Scottish actress (born 1956)

Phyllis Logan (born 11 January 1956) is a Scottish actress, widely known for her roles as Lady Jane Felsham in Lovejoy (1986–1993) and Mrs Hughes in Downton Abbey (2010–2015). She won the BAFTA Award for Most Promising Newcomer for the 1983 film Another Time, Another Place and was nominated for BAFTA Award for Best Actress in a Leading Role for the same film. Her other film appearances include Secrets & Lies (1996), Shooting Fish (1997), Downton Abbey (2019) and Misbehaviour (2020).

==Early life and education==
Logan was born in Paisley, Renfrewshire, and grew up nearby Johnstone. Her father, David, was a Rolls-Royce engineer and a trade-union leader and became the secretary of his local branch of the AUEW (Amalgamated Union of Engineering Workers). Logan is the youngest in her family and has a brother and a sister. Her father died at the age of 59 while she was at drama school.

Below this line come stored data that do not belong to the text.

lemma dotp_scale: "dotp s0 (\<lambda>i. c * \<theta> i) z = c * dotp s0 \<theta> z"
  by (simp add: dotp_def sum_distrib_left algebra_simps)

lemma balance_scale:
  assumes "c > 0"
  shows "balance s0 r0 nu nu' alpha beta (\<lambda>i. c * \<theta> i) \<longleftrightarrow> balance s0 r0 nu nu' alpha beta \<theta>"
  unfolding balance_iff_sign_balanced dotp_scale using sign_balanced_scale[OF assms] .

lemma balance_segment_iff:
  "balance s0 r0 nu nu' alpha beta (\<lambda>i. (1 - x) * \<theta>1 i + x * \<theta>2 i) \<longleftrightarrow>
     sign_balanced r0 (\<lambda>k. ereal (rho s0 nu alpha beta k))
       (\<lambda>j. dotp s0 \<theta>1 (zeta nu nu' j)
              + x * (dotp s0 \<theta>2 (zeta nu nu' j) - dotp s0 \<theta>1 (zeta nu nu' j)))"
  unfolding balance_iff_sign_balanced dotp_lin by (simp add: algebra_simps)

lemma affine_positive_between:
  fixes p q s t u :: real
  assumes st: "s < t" and tu: "t < u"
    and no_zero: "\<And>x. s < x \<Longrightarrow> x < u \<Longrightarrow> p + x * q = 0 \<Longrightarrow> q = 0"
  shows "p + t * q > 0 \<longleftrightarrow> p + s * q > 0 \<or> p + u * q > 0"
proof
  assume "p + t * q > 0"
  show "p + s * q > 0 \<or> p + u * q > 0"
  proof (rule ccontr)
    assume "\<not> (p + s * q > 0 \<or> p + u * q > 0)"
    then have "(u - t) * (p + s * q) \<le> 0" "(t - s) * (p + u * q) \<le> 0"
      using st tu by (simp_all add: mult_nonneg_nonpos)
    moreover have "(u - s) * (p + t * q) = (u - t) * (p + s * q) + (t - s) * (p + u * q)"
      by (simp add: algebra_simps)
    moreover have "(u - s) * (p + t * q) > 0" using \<open>p + t * q > 0\<close> st tu by simp
    ultimately show False by linarith
  qed
next
  have zero_between: False if pos: "p + v * q > 0" and nonpos: "p + t * q \<le> 0"
    and "s \<le> v" "v \<le> u" "v \<noteq> t" for v
  proof -
    define w where "w = (p + v * q) / ((p + v * q) - (p + t * q))"
    have w: "0 < w" "w \<le> 1" using pos nonpos unfolding w_def by (simp_all add: field_simps)
    have "(p + v * q) - (p + t * q) \<noteq> 0" using pos nonpos by linarith
    then have "w * ((p + v * q) - (p + t * q)) = p + v * q"
      using w_def nonzero_eq_divide_eq by blast
    then have zero: "p + (v + w * (t - v)) * q = 0" by (simp add: algebra_simps)
    have "q \<noteq> 0" using pos nonpos by auto
    moreover have "s < v + w * (t - v) \<and> v + w * (t - v) < u"
    proof (cases "v < t")
      case True
      then have "0 < w * (t - v)" "w * (t - v) \<le> t - v"
        using w by (simp_all add: mult_left_le_one_le)
      then show ?thesis using \<open>s \<le> v\<close> tu by simp
    next
      case False
      then have "v - t > 0" using \<open>v \<noteq> t\<close> by simp
      then have "0 < w * (v - t)" "w * (v - t) \<le> v - t"
        using w by (simp_all add: mult_left_le_one_le)
      then show ?thesis using \<open>v \<le> u\<close> st by (simp add: algebra_simps)
    qed
    ultimately show False using no_zero zero by blast
  qed
  assume "p + s * q > 0 \<or> p + u * q > 0"
  then show "p + t * q > 0"
    using zero_between[of s] zero_between[of u] st tu by force
qed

Logan was educated at Johnstone High School. She studied at the Royal Scottish Academy of Music and Drama in Glasgow and graduated with the James Bridie gold medal in 1977.

==Career==
After graduation Logan joined the Dundee Repertory Theatre. She left in 1979 to work on stage in Edinburgh. She also worked regularly on Scottish television. On the BBC Scotland production The White Bird Passes, she first met writer-director Michael Radford. For his first feature film, Another Time, Another Place (1983), he cast Logan in the leading role of Janie, for which she won a Gold Award for Best Actress at the Taormina Film Festival and the Evening Standard Award for Best Actress in 1983 and the BAFTA Award for Most Promising Newcomer to Leading Film Roles in 1984. She was also nominated for the BAFTA Award for Best Actress in a Leading Role.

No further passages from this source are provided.